**Task to carry out:** Nothing in the records below should be altered when they are retyped.

^^^^^^^^

definition cc_cost :: "nat \<Rightarrow> (nat \<Rightarrow> nat \<Rightarrow> bool) \<Rightarrow> (nat \<Rightarrow> nat) \<Rightarrow> nat" where
  "cc_cost n s l =
     card {(x, y). x < y \<and> y < n \<and> l x = l y \<and> \<not> s x y}
   + card {(x, y). x < y \<and> y < n \<and> l x \<noteq> l y \<and> s x y}"

definition cc_OPT :: "nat \<Rightarrow> (nat \<Rightarrow> nat \<Rightarrow> bool) \<Rightarrow> nat" where
  "cc_OPT n s = (LEAST k. \<exists>l. cc_cost n s l = k)"

text \<open>A deterministic adaptive query algorithm is a decision tree: an inner node
 queries the pair (x,y) and branches on the answer s x y; a leaf outputs a clustering.\<close>
datatype qtree = Leaf "nat \<Rightarrow> nat" | Query nat nat qtree qtree

fun qt_output :: "qtree \<Rightarrow> (nat \<Rightarrow> nat \<Rightarrow> bool) \<Rightarrow> (nat \<Rightarrow> nat)" where
  "qt_output (Leaf l) s = l"
| "qt_output (Query x y t f) s = (if s x y then qt_output t s else qt_output f s)"

fun qt_queries :: "qtree \<Rightarrow> (nat \<Rightarrow> nat \<Rightarrow> bool) \<Rightarrow> nat" where
  "qt_queries (Leaf l) s = 0"
| "qt_queries (Query x y t f) s = Suc (if s x y then qt_queries t s else qt_queries f s)"

text \<open>A randomized adaptive algorithm is a probability distribution over decision trees.\<close>
definition expected_cost :: "nat \<Rightarrow> qtree pmf \<Rightarrow> (nat \<Rightarrow> nat \<Rightarrow> bool) \<Rightarrow> real" where
  "expected_cost n A s = measure_pmf.expectation A (\<lambda>t. real (cc_cost n s (qt_output t s)))"

end

theory Submission
  imports Defs
begin

text \<open>Yao's principle over a planted family. Split off m clusters of size k, with k of order
  T/n and m = n/(2k), and let every remaining vertex either join one of the m clusters or stay
  alone, uniformly among 2m choices. Every such instance has OPT = 0, so the algorithm pays at
  most T in expectation on each of them, whatever c is. Fix a decision tree and a vertex v. If
  the run on the instance where v stays alone makes r queries at v, the tree cannot tell this
  instance apart from the at least m - r instances that put v in a cluster it never probed. One
  output can be cheap at v for at most one of these, so on average m * (cost at v) +
  k * (queries at v) is at least of order k m. Summing over the n/2 free vertices and taking
  expectations bounds n k m by a constant times m T + k Q, so Q is of order n m, i.e. n^2/k,
  i.e. n^3/T.\<close>

fun query_path :: "qtree \<Rightarrow> (nat \<Rightarrow> nat \<Rightarrow> bool) \<Rightarrow> (nat \<times> nat) list" where
  "query_path (Leaf l) s = []"
| "query_path (Query x y t f) s = (x, y) # (if s x y then query_path t s else query_path f s)"

lemma length_query_path: "length (query_path t s) = qt_queries t s"
  by (induction t) auto

lemma query_path_cong:
  assumes "\<forall>(x, y) \<in> set (query_path t s). s' x y = s x y"
  shows "query_path t s' = query_path t s \<and> qt_output t s' = qt_output t s"
  using assms by (induction t) auto

definition incident_queries :: "(nat \<times> nat) list \<Rightarrow> nat \<Rightarrow> nat" where
  "incident_queries ps v = length (filter (\<lambda>(x, y). x = v \<or> y = v) ps)"

definition path_neighbours :: "(nat \<times> nat) list \<Rightarrow> nat \<Rightarrow> nat set" where
  "path_neighbours ps v = {u. (v, u) \<in> set ps \<or> (u, v) \<in> set ps}"

lemma sum_incident_queries_le:
  assumes "finite S"
  shows "(\<Sum>v\<in>S. incident_queries ps v) \<le> 2 * length ps"
proof (induction ps)
  case Nil
  then show ?case by (simp add: incident_queries_def)
next
  case (Cons p ps)
  obtain a b where p: "p = (a, b)" by fastforce
  have "(\<Sum>v\<in>S. if v = a \<or> v = b then 1 else 0 :: nat) = card (S \<inter> {a, b})"
    using assms by (simp add: sum.If_cases Int_def conj_commute)
  also have "\<dots> \<le> card {a, b}"
    by (rule card_mono) auto
  also have "\<dots> \<le> 2"
    by (simp add: card_insert_le_m1)
  finally have "(\<Sum>v\<in>S. if v = a \<or> v = b then 1 else 0 :: nat) \<le> 2" .
  moreover have "incident_queries (p # ps) v = (if v = a \<or> v = b then 1 else 0) + incident_queries ps v"
    for v by (auto simp: incident_queries_def p)
  ultimately show ?case
    using Cons by (simp add: sum.distrib)
qed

^^^^^^^^

**Task solution:**
definition cc_cost :: "nat \<Rightarrow> (nat \<Rightarrow> nat \<Rightarrow> bool) \<Rightarrow> (nat \<Rightarrow> nat) \<Rightarrow> nat" where
  "cc_cost n s l =
     card {(x, y). x < y \<and> y < n \<and> l x = l y \<and> \<not> s x y}
   + card {(x, y). x < y \<and> y < n \<and> l x \<noteq> l y \<and> s x y}"

definition cc_OPT :: "nat \<Rightarrow> (nat \<Rightarrow> nat \<Rightarrow> bool) \<Rightarrow> nat" where
  "cc_OPT n s = (LEAST k. \<exists>l. cc_cost n s l = k)"

text \<open>A deterministic adaptive query algorithm is a decision tree: an inner node
 queries the pair (x,y) and branches on the answer s x y; a leaf outputs a clustering.\<close>
datatype qtree = Leaf "nat \<Rightarrow> nat" | Query nat nat qtree qtree

fun qt_output :: "qtree \<Rightarrow> (nat \<Rightarrow> nat \<Rightarrow> bool) \<Rightarrow> (nat \<Rightarrow> nat)" where
  "qt_output (Leaf l) s = l"
| "qt_output (Query x y t f) s = (if s x y then qt_output t s else qt_output f s)"

fun qt_queries :: "qtree \<Rightarrow> (nat \<Rightarrow> nat \<Rightarrow> bool) \<Rightarrow> nat" where
  "qt_queries (Leaf l) s = 0"
| "qt_queries (Query x y t f) s = Suc (if s x y then qt_queries t s else qt_queries f s)"

text \<open>A randomized adaptive algorithm is a probability distribution over decision trees.\<close>
definition expected_cost :: "nat \<Rightarrow> qtree pmf \<Rightarrow> (nat \<Rightarrow> nat \<Rightarrow> bool) \<Rightarrow> real" where
  "expected_cost n A s = measure_pmf.expectation A (\<lambda>t. real (cc_cost n s (qt_output t s)))"

end

theory Submission
  imports Defs
begin

text \<open>Yao's principle over a planted family. Split off m clusters of size k, with k of order
  T/n and m = n/(2k), and let every remaining vertex either join one of the m clusters or stay
  alone, uniformly among 2m choices. Every such instance has OPT = 0, so the algorithm pays at
  most T in expectation on each of them, whatever c is. Fix a decision tree and a vertex v. If
  the run on the instance where v stays alone makes r queries at v, the tree cannot tell this
  instance apart from the at least m - r instances that put v in a cluster it never probed. One
  output can be cheap at v for at most one of these, so on average m * (cost at v) +
  k * (queries at v) is at least of order k m. Summing over the n/2 free vertices and taking
  expectations bounds n k m by a constant times m T + k Q, so Q is of order n m, i.e. n^2/k,
  i.e. n^3/T.\<close>

fun query_path :: "qtree \<Rightarrow> (nat \<Rightarrow> nat \<Rightarrow> bool) \<Rightarrow> (nat \<times> nat) list" where
  "query_path (Leaf l) s = []"
| "query_path (Query x y t f) s = (x, y) # (if s x y then query_path t s else query_path f s)"

lemma length_query_path: "length (query_path t s) = qt_queries t s"
  by (induction t) auto

lemma query_path_cong:
  assumes "\<forall>(x, y) \<in> set (query_path t s). s' x y = s x y"
  shows "query_path t s' = query_path t s \<and> qt_output t s' = qt_output t s"
  using assms by (induction t) auto

definition incident_queries :: "(nat \<times> nat) list \<Rightarrow> nat \<Rightarrow> nat" where
  "incident_queries ps v = length (filter (\<lambda>(x, y). x = v \<or> y = v) ps)"

definition path_neighbours :: "(nat \<times> nat) list \<Rightarrow> nat \<Rightarrow> nat set" where
  "path_neighbours ps v = {u. (v, u) \<in> set ps \<or> (u, v) \<in> set ps}"

lemma sum_incident_queries_le:
  assumes "finite S"
  shows "(\<Sum>v\<in>S. incident_queries ps v) \<le> 2 * length ps"
proof (induction ps)
  case Nil
  then show ?case by (simp add: incident_queries_def)
next
  case (Cons p ps)
  obtain a b where p: "p = (a, b)" by fastforce
  have "(\<Sum>v\<in>S. if v = a \<or> v = b then 1 else 0 :: nat) = card (S \<inter> {a, b})"
    using assms by (simp add: sum.If_cases Int_def conj_commute)
  also have "\<dots> \<le> card {a, b}"
    by (rule card_mono) auto
  also have "\<dots> \<le> 2"
    by (simp add: card_insert_le_m1)
  finally have "(\<Sum>v\<in>S. if v = a \<or> v = b then 1 else 0 :: nat) \<le> 2" .
  moreover have "incident_queries (p # ps) v = (if v = a \<or> v = b then 1 else 0) + incident_queries ps v"
    for v by (auto simp: incident_queries_def p)
  ultimately show ?case
    using Cons by (simp add: sum.distrib)
qed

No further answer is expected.